## Data for this task
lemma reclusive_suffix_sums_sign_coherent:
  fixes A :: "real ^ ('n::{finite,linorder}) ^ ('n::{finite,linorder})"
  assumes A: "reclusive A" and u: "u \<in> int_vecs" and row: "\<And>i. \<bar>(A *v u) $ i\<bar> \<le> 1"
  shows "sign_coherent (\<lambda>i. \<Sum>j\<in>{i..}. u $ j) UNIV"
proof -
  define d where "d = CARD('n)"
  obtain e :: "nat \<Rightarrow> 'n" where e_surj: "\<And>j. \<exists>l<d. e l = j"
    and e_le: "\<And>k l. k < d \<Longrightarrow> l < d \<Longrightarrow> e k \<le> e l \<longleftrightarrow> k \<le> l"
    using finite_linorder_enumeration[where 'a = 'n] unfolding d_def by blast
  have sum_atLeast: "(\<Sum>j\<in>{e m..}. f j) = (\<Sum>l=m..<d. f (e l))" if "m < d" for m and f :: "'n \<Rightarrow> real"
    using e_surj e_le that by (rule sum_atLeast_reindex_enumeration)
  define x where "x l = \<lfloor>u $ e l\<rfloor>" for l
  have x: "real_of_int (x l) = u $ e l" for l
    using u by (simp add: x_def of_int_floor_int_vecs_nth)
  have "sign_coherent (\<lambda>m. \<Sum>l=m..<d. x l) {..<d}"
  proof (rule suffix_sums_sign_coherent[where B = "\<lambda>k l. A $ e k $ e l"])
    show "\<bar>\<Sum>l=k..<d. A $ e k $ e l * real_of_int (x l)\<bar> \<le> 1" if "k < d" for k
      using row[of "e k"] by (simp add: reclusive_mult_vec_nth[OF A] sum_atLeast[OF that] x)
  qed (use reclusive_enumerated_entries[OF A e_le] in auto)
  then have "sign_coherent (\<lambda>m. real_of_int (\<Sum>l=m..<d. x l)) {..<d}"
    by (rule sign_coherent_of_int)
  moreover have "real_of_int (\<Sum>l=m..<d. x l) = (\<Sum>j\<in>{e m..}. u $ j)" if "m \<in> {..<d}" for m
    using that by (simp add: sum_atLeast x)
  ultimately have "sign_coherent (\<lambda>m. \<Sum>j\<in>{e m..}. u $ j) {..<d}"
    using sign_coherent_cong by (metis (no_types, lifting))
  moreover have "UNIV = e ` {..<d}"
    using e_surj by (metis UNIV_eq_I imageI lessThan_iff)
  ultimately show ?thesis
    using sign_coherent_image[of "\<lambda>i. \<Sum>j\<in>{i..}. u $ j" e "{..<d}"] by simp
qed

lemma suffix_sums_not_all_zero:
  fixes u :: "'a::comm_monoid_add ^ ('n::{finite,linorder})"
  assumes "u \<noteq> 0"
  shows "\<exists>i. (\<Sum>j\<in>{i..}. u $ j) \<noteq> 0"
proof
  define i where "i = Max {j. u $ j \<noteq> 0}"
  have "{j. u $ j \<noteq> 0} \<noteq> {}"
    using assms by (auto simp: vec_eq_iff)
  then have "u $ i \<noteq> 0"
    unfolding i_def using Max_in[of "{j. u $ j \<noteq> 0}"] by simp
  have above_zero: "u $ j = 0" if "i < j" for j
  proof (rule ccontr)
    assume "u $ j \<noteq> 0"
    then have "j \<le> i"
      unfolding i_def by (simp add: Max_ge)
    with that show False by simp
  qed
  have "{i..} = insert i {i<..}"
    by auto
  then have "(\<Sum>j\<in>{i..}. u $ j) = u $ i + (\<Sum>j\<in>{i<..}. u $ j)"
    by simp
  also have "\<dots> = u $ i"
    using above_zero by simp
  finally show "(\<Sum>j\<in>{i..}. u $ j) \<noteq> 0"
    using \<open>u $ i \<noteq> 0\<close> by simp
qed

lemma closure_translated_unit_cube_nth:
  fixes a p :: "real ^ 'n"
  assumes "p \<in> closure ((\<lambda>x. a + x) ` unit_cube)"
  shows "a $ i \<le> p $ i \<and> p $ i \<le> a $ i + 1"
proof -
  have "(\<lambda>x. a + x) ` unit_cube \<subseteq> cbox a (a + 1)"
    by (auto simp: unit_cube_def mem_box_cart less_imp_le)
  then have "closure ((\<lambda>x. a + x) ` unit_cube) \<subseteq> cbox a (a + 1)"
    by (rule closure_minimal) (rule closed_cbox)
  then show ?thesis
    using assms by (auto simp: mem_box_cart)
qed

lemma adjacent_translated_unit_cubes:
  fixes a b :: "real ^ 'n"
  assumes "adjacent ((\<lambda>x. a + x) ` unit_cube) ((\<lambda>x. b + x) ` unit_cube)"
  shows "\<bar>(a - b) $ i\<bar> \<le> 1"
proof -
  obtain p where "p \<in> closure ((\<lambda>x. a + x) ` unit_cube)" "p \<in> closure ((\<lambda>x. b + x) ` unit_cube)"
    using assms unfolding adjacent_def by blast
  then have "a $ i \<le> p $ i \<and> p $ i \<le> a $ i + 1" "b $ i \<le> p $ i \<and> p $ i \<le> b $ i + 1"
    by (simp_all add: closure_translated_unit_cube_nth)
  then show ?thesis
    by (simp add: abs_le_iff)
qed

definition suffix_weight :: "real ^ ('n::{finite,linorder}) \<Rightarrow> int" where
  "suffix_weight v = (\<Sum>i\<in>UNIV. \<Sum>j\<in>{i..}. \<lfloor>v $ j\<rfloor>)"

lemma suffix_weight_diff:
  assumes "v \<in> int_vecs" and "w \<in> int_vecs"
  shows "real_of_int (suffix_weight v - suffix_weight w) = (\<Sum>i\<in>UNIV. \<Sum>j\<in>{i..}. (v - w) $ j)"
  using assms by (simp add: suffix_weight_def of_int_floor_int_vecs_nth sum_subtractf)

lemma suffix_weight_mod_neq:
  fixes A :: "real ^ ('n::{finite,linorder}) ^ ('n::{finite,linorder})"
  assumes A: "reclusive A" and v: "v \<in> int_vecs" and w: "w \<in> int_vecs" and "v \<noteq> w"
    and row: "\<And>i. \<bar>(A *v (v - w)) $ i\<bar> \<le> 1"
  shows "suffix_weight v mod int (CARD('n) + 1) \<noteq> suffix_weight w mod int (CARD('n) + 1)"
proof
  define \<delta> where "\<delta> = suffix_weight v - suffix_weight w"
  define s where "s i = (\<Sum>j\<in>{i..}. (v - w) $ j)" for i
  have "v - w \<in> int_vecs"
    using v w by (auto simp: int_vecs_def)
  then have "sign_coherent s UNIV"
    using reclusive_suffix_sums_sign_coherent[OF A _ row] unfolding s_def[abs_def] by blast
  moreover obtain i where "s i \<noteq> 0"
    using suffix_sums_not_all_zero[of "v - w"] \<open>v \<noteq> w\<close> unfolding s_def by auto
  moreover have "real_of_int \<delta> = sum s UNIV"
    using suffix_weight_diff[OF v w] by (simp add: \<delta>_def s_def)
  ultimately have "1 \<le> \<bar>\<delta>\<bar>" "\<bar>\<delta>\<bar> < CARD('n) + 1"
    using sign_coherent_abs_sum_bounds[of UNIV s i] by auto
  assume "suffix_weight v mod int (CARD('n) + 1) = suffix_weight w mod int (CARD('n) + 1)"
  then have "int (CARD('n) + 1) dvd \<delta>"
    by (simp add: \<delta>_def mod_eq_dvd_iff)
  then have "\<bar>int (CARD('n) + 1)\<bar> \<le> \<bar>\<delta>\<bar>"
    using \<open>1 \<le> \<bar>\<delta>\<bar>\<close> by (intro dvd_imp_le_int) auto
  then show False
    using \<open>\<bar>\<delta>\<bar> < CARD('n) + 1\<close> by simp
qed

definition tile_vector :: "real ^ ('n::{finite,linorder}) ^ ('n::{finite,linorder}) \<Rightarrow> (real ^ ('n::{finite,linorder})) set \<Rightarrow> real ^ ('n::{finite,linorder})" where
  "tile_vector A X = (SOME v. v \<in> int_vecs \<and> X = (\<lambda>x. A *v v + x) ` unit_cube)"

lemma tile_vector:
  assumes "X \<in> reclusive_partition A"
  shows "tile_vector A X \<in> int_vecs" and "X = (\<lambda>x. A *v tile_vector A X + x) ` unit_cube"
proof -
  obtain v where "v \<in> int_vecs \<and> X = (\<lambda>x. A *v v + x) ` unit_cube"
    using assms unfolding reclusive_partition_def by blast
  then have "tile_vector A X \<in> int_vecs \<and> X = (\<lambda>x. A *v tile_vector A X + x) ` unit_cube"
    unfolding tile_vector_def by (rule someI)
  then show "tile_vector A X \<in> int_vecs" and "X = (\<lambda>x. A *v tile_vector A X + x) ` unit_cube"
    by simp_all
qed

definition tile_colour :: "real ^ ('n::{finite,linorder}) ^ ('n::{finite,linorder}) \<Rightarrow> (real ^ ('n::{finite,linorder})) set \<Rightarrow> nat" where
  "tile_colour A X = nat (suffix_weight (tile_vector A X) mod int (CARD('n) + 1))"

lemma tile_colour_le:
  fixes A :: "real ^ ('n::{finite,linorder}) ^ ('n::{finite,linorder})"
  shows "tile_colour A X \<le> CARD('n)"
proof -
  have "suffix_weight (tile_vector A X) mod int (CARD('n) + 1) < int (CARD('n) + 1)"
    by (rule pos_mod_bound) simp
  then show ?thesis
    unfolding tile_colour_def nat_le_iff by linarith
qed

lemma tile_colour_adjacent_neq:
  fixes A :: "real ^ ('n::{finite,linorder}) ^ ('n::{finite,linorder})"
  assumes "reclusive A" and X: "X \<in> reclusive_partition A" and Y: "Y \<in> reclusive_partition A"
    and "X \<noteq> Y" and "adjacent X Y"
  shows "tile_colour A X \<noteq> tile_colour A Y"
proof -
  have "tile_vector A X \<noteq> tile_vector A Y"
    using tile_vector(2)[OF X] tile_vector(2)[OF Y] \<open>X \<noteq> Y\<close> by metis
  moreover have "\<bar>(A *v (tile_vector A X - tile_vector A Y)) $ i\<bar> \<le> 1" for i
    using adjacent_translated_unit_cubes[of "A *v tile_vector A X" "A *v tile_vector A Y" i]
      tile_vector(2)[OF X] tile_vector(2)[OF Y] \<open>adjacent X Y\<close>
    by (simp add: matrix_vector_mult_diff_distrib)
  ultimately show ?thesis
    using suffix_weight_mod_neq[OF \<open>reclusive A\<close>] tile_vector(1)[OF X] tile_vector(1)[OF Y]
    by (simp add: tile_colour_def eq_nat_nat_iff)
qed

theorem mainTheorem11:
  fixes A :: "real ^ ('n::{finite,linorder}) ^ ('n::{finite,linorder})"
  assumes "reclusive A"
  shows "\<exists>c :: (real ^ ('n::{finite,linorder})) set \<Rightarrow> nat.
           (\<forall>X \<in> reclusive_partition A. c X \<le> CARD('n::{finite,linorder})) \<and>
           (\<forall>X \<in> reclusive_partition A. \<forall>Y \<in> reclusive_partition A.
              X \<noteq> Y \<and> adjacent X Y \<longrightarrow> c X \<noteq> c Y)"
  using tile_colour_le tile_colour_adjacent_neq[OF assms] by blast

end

==

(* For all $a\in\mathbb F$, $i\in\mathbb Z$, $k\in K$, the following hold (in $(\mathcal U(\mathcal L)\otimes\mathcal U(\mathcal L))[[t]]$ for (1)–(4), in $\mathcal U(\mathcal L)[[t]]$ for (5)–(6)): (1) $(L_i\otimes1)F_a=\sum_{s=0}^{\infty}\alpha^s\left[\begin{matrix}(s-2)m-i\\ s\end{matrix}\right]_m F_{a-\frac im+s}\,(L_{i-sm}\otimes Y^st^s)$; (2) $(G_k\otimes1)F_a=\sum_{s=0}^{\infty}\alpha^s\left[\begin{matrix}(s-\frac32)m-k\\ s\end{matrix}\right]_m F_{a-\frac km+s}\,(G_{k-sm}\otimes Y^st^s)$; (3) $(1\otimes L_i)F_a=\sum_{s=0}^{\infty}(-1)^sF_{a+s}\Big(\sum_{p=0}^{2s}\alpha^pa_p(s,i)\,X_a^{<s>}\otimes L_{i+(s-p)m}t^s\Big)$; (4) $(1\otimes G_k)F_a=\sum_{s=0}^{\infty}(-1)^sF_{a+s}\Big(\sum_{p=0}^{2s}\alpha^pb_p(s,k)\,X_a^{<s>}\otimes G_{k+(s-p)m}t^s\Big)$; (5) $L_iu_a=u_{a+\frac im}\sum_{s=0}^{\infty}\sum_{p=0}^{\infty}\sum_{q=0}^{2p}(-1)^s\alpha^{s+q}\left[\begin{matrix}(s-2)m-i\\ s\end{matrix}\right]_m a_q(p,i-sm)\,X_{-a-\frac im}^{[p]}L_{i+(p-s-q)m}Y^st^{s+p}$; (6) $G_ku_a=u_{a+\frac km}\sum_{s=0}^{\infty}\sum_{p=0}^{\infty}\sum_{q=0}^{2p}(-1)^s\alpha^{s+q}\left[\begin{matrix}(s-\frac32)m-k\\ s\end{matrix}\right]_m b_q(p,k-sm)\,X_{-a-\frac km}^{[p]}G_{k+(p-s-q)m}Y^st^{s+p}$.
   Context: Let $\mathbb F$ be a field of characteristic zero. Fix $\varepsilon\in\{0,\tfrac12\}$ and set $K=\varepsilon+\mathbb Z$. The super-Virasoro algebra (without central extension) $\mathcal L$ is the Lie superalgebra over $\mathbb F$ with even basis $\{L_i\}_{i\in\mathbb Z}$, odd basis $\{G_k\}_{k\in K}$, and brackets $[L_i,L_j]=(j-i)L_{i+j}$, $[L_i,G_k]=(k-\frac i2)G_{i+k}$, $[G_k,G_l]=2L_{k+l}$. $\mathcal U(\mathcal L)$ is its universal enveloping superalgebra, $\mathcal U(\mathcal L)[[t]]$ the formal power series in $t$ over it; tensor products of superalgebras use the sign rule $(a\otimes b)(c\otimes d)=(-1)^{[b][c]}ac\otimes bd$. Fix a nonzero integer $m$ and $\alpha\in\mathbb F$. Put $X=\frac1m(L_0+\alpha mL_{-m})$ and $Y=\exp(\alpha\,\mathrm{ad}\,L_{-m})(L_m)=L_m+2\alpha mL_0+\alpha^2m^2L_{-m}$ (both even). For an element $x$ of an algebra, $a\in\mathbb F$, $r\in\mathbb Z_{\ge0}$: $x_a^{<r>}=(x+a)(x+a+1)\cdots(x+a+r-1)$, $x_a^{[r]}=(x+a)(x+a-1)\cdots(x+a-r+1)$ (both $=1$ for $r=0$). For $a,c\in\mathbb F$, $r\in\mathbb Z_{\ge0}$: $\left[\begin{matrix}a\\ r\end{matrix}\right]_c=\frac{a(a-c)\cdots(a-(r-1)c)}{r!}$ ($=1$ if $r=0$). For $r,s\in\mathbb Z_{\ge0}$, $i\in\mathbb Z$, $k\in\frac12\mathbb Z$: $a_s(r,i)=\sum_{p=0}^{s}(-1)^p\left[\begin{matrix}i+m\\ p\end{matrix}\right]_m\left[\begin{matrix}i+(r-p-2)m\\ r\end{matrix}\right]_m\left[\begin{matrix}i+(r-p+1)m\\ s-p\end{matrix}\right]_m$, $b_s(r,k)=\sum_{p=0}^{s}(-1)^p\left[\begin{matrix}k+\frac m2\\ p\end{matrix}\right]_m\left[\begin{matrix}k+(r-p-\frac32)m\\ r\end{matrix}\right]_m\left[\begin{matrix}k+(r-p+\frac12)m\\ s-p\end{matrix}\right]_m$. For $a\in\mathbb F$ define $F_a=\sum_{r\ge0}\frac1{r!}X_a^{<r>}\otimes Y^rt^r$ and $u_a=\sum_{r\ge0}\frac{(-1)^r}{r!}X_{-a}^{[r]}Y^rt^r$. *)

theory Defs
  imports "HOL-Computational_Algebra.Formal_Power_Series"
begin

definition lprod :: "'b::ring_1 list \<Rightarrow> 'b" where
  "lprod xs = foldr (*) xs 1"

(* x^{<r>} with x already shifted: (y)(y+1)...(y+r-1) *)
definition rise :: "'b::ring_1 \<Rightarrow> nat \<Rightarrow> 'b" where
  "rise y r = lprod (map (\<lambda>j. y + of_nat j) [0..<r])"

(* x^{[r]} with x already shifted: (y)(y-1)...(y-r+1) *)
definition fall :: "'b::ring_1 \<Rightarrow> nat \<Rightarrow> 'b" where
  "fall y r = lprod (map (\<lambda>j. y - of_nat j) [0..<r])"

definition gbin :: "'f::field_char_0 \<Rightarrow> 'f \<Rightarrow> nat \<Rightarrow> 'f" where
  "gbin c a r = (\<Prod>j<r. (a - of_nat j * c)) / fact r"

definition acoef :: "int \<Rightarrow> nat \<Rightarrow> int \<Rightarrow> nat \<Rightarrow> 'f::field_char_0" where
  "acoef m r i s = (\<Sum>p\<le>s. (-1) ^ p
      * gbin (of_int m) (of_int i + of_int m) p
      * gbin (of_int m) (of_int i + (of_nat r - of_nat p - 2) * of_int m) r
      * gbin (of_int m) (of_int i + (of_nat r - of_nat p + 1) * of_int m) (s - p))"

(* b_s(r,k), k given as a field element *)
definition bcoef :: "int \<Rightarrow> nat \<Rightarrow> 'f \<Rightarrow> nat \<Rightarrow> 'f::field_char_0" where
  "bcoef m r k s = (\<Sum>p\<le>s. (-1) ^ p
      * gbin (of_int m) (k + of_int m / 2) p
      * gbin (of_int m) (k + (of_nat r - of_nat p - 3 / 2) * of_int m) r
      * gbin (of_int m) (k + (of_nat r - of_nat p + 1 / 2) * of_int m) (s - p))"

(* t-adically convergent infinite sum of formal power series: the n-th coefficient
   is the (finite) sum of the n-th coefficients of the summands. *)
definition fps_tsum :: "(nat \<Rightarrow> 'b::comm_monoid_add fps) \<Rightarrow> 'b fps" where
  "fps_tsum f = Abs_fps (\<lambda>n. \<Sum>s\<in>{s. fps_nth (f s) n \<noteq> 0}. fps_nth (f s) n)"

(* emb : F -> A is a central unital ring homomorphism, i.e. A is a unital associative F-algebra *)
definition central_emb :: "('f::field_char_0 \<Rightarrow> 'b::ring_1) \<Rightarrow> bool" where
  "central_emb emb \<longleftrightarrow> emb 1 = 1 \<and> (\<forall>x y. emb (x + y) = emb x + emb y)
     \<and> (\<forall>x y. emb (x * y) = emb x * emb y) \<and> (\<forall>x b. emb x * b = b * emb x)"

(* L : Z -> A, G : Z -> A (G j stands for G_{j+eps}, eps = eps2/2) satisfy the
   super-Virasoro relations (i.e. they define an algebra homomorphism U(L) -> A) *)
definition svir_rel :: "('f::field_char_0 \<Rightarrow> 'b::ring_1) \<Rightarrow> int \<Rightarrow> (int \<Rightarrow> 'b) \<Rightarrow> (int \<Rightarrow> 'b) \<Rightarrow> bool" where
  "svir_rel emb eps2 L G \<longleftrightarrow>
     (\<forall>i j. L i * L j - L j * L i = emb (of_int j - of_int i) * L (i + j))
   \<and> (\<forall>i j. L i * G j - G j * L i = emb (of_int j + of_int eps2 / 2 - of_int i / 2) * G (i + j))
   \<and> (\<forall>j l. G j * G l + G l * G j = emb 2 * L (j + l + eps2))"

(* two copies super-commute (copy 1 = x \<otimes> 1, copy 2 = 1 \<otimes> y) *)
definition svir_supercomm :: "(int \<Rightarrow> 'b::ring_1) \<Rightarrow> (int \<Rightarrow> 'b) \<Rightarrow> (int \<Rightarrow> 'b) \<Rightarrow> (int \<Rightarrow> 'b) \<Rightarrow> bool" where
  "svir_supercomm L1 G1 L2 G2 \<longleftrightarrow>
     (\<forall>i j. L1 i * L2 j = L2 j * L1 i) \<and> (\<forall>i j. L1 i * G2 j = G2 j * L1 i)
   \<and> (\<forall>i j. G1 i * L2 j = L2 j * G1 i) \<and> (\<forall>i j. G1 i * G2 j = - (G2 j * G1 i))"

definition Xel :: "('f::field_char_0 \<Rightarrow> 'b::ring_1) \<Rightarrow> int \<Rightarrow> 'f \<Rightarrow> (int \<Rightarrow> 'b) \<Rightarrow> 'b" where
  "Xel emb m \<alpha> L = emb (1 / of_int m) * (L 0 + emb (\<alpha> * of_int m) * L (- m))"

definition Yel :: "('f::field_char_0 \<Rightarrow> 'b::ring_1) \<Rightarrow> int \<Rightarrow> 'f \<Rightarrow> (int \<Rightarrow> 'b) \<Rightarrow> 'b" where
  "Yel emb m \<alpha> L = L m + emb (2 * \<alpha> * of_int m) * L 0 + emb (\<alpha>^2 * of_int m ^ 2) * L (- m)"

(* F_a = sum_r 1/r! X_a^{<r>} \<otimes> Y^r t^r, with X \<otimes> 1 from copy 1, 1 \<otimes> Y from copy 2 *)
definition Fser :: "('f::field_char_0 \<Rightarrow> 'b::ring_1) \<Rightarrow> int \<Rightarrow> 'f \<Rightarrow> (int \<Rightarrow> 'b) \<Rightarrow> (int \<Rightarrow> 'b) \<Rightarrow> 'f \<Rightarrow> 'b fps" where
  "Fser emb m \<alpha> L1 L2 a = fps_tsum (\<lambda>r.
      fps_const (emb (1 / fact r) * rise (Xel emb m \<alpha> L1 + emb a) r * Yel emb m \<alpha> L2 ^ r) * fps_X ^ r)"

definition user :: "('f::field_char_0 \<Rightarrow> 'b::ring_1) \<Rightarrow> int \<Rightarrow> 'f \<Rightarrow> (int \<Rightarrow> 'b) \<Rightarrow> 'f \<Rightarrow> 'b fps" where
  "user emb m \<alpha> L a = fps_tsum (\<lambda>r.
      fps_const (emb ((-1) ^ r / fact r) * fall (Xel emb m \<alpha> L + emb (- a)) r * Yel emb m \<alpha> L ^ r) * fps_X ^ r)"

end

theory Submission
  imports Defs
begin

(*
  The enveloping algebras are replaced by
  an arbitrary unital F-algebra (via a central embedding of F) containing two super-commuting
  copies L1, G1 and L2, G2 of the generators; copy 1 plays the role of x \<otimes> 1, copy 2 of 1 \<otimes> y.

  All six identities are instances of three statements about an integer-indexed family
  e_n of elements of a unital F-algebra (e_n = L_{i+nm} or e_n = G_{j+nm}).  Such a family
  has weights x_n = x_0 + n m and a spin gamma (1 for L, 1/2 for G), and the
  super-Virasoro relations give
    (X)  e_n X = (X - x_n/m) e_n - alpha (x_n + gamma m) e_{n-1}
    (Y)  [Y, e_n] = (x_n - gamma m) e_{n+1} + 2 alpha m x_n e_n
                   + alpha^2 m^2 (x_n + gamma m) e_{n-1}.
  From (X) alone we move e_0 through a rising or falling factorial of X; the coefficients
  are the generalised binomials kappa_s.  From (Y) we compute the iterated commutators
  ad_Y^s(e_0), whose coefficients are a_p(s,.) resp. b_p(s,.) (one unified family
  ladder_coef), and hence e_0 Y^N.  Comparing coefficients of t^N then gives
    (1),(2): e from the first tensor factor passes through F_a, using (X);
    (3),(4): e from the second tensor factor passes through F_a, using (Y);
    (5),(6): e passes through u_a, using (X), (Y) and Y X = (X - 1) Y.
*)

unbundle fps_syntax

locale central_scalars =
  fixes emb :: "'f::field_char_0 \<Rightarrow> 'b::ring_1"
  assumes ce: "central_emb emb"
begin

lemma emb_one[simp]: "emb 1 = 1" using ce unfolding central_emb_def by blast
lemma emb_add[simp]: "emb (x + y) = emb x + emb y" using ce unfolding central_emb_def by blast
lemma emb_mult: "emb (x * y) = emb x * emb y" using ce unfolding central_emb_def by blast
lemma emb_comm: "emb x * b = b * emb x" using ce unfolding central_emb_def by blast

## Problem requirements
If a line in the data contains the string "False", copy it.

## Response area
    with that show False by simp
  then show False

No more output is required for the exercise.